Van Dijk says his company’s approach to quoting delivery dates varies by customer. For those customers who have a history of ordering quickly after a quote, he said the company provides the delivery date in the quote. “If we are uncertain [about the order], we don’t give the delivery date.”

To address variability in component and material availability, Ulum said the quotes NRT makes are good for a limited time, with the company taking a first-order-in-first-machine-out approach.

“Being closely coupled with our supply chain and having people responsible for supply chain management means that we're able to stay on top of our costed bill of materials and ensure that that's reflected up to date and in any of our quotes.”

Van Dijk said he does not foresee supply chain issues and inflation improving in the fourth quarter or even next year. “Steel prices are coming down, but we see components are not coming down.”

Van Dyk Recycling Systems is a system integration and a distributor for manufacturers that include Bollegraaf and Tomra.

NRT's Ulum agreed, saying, “We don't see a big change in the next quarter, either. This supply chain situation we're in is not moving week to week, month to month, quarter to quarter. It is a year-to-year kind of issue that we're trying to work our way out of.”

He added that NRT, which manufactures optical sorting technology, and its parent company, Bulk Handling Systems, Eugene, Oregon, have been working with some of their supply chain players for many decades, and proactive communication that includes forecasting demand in real-time is essential. “We've also had to take inventory positions that we wouldn't normally do.
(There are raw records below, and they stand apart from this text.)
(* Let $R$ be a commutative ring with ${\rm char}(R)=3$, $G$ a group with involution $\varphi$, and assume $(RG)^-_\varphi$ is commutative. Let $g,h\in G\setminus G_\varphi$ be non-commuting elements. Consider the conditions: (C1) $gh\in G_\varphi$, $hg\in G_\varphi$, $h\varphi(g)=g\varphi(h)$ and $\varphi(h)g=\varphi(g)h$; (C2) $gh\in G_\varphi$, $hg\in G_\varphi$, $h\varphi(g)=\varphi(g)h$; (C3) $gh\in G_\varphi$, $hg=\varphi(g)h=g\varphi(h)$; (C4) $gh=h\varphi(g)=\varphi(g)\varphi(h)$ and $\varphi(h)g=\varphi(g)h$; (C5) $gh=\varphi(h)g=\varphi(g)\varphi(h)$ and $h\varphi(g)=g\varphi(h)$; (C6) $hg\in G_\varphi$, $gh=\varphi(h)g=h\varphi(g)$. \begin{enumerate} \item If $g,h$ satisfy (C1) or (C2), then $g^3\notin G_\varphi$ and $h^3\notin G_\varphi$. \item If $g,h$ satisfy one of (C3)–(C6), then $g^3,h^3\in G_\varphi$ and $g^3,h^3$ lie in the center of $\langle g,h,\varphi(g),\varphi(h)\rangle$. \end{enumerate}
   Context: An involution on a group $G$ is a map $\varphi:G\to G$ with $\varphi(gh)=\varphi(h)\varphi(g)$ and $\varphi^2=\mathrm{id}$, extended $R$-linearly to $RG$. $G_\varphi=\{g\in G\mid\varphi(g)=g\}$; $(RG)^-_\varphi=\{\alpha\in RG\mid\varphi(\alpha)=-\alpha\}$. *)

theory Defs
  imports "HOL-Algebra.Algebra"
begin

definition group_involution :: "('g, 'b) monoid_scheme \<Rightarrow> ('g \<Rightarrow> 'g) \<Rightarrow> bool" where
  "group_involution G \<phi> \<longleftrightarrow>
     \<phi> \<in> carrier G \<rightarrow> carrier G \<and>
     (\<forall>x\<in>carrier G. \<forall>y\<in>carrier G. \<phi> (x \<otimes>\<^bsub>G\<^esub> y) = \<phi> y \<otimes>\<^bsub>G\<^esub> \<phi> x) \<and>
     (\<forall>x\<in>carrier G. \<phi> (\<phi> x) = x)"

definition fixed_elems :: "('g, 'b) monoid_scheme \<Rightarrow> ('g \<Rightarrow> 'g) \<Rightarrow> 'g set" where
  "fixed_elems G \<phi> = {x \<in> carrier G. \<phi> x = x}"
We've had to look at not only risk buys but also risk builds in order to sort of offset and hedge against the risks that are built into the supply chain.”

Regarding the issues that keep the panelists up at night, Van Deusen said they are on the production side of the business, with labor being the biggest issue.

Ulum indicated hiring talented personnel in the manufacturing and service sides of the business is a concern. “Finding, securing, training and retaining talent would be the biggest thing that would keep me up at night.”

But that same shortage of labor also is a benefit for the companies on the panel. “That's great in terms of driving demand for automation,” Ulum said. “That's one of the many tailwinds to this industry.”

Van Dijk said obtaining parts for manufacturing is his No. 1 worry, followed by hiring and retaining service personnel.  

Obtaining personnel and spare parts also were concerns for Everhart. He said he is continually reviewing Stadler’s parts inventory and encouraging the company’s customers to maintain their own parts inventories.